_Your assignment_. Look through the data below and, wherever a line carries the word "thus", please copy that line.

==================================================

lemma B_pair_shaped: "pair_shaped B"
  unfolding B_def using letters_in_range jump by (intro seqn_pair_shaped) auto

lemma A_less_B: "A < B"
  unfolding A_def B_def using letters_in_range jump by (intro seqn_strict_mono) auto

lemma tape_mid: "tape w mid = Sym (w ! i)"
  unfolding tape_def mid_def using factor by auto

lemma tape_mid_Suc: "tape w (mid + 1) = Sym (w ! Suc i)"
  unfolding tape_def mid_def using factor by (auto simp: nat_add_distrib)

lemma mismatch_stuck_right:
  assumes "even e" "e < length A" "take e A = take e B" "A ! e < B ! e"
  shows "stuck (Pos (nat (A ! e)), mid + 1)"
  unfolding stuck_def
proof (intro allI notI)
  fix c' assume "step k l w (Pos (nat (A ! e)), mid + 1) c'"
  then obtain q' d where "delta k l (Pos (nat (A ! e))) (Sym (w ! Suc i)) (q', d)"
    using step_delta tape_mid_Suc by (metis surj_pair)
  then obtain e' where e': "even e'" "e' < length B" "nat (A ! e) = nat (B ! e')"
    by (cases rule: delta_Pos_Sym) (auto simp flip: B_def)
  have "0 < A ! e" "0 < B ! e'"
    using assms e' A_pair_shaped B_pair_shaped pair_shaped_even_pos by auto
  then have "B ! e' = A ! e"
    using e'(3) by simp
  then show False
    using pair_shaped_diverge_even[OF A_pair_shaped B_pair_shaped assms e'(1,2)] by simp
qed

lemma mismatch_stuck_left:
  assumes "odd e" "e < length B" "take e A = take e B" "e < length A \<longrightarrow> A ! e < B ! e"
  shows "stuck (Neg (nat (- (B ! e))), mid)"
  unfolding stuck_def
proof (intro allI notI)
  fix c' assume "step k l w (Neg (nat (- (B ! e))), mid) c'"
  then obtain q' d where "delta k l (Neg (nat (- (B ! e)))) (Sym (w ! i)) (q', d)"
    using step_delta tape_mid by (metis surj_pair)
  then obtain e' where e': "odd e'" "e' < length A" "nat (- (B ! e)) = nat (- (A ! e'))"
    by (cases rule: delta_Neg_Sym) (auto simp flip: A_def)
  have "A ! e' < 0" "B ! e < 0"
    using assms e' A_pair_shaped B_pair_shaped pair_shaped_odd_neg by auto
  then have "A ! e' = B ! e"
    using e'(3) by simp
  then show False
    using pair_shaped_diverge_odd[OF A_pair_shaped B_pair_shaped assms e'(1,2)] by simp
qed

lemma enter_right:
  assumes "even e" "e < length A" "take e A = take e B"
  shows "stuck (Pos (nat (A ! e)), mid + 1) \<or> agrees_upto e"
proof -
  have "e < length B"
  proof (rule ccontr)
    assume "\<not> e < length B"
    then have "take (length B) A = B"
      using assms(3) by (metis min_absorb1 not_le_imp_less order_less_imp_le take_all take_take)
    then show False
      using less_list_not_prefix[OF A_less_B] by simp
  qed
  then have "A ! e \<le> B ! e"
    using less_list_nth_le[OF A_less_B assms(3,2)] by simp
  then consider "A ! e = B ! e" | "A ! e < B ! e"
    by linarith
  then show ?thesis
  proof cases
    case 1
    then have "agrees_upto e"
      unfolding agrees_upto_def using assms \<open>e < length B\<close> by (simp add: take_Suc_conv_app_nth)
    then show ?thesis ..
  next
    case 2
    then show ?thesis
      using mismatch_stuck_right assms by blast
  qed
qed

==================================================

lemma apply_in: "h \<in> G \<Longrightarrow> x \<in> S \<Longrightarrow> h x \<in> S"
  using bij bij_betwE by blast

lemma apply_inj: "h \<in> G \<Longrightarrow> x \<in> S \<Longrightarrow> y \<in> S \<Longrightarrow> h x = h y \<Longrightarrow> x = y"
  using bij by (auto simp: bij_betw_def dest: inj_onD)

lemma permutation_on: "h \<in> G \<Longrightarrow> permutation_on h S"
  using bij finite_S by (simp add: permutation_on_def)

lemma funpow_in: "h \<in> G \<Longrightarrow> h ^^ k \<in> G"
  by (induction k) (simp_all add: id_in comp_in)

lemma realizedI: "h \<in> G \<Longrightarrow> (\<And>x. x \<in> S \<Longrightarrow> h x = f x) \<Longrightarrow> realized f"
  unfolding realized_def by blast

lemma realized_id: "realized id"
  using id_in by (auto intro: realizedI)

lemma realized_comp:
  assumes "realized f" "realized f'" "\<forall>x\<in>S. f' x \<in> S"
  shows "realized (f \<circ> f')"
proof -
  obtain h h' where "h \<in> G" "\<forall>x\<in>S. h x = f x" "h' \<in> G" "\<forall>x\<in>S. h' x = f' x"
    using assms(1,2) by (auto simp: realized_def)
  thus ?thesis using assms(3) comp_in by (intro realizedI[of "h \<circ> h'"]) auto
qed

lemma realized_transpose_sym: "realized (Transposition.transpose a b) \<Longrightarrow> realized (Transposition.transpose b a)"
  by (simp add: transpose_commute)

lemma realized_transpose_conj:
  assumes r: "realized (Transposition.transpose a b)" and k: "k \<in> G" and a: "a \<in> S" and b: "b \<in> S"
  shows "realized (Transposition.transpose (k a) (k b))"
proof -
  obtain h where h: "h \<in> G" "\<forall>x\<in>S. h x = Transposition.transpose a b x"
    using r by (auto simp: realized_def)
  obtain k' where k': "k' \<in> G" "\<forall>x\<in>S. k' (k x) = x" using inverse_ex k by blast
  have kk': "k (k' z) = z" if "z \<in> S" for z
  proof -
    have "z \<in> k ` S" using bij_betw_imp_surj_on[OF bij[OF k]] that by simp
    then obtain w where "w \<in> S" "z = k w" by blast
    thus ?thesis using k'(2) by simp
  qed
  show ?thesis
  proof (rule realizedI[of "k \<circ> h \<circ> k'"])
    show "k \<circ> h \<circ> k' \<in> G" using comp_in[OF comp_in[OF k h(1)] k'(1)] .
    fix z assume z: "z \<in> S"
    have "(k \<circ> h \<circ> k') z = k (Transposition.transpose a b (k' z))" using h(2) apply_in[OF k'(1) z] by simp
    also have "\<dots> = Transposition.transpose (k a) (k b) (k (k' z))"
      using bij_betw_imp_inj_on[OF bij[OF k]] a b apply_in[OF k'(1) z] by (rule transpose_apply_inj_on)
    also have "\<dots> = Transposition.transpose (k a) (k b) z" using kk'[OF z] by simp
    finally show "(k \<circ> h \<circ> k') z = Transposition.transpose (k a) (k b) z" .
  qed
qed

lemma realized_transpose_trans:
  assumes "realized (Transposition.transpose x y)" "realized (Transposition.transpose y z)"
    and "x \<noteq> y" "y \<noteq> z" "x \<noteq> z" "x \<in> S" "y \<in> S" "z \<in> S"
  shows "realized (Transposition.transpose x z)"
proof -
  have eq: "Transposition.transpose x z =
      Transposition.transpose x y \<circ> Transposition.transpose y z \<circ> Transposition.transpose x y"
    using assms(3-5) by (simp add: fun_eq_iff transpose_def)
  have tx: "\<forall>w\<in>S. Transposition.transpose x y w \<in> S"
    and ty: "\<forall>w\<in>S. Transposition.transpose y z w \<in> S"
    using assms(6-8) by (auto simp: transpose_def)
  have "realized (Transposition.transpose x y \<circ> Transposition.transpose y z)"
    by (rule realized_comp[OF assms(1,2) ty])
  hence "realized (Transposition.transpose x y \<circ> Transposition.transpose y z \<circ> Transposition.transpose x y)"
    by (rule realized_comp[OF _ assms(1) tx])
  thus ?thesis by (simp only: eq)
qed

==================================================

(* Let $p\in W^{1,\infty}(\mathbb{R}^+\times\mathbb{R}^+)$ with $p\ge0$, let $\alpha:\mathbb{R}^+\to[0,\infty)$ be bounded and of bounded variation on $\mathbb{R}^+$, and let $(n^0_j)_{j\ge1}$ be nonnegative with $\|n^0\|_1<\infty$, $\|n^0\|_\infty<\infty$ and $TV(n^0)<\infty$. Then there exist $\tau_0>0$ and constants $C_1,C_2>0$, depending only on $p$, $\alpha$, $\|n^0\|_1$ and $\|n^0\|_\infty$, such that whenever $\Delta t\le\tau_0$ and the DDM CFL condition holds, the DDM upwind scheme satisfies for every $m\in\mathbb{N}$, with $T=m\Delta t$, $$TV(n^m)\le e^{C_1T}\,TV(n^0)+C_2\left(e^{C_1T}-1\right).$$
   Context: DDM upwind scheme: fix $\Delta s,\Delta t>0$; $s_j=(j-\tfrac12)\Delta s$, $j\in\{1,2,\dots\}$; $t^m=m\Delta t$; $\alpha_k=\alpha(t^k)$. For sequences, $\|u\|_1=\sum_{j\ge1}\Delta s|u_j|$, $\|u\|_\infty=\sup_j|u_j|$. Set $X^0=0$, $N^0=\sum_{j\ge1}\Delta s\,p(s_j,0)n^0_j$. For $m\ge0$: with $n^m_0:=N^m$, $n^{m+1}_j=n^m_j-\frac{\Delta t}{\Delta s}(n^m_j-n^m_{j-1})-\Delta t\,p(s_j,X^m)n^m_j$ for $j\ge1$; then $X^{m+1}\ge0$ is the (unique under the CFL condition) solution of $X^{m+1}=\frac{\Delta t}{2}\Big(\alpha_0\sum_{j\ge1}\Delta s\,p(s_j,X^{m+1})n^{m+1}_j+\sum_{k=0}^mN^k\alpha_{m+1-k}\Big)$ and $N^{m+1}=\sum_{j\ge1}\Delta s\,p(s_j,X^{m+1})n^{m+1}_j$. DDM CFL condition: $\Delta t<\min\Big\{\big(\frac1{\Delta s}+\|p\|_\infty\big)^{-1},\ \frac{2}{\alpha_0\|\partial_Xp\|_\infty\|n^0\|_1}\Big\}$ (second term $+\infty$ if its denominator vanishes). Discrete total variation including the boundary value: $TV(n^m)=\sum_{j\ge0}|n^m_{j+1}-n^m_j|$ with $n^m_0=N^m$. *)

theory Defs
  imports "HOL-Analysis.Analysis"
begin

==================================================

_Answer to the problem_.
  thus ?thesis using assms(3) comp_in by (intro realizedI[of "h \<circ> h'"]) auto
    thus ?thesis using k'(2) by simp
  thus ?thesis by (simp only: eq)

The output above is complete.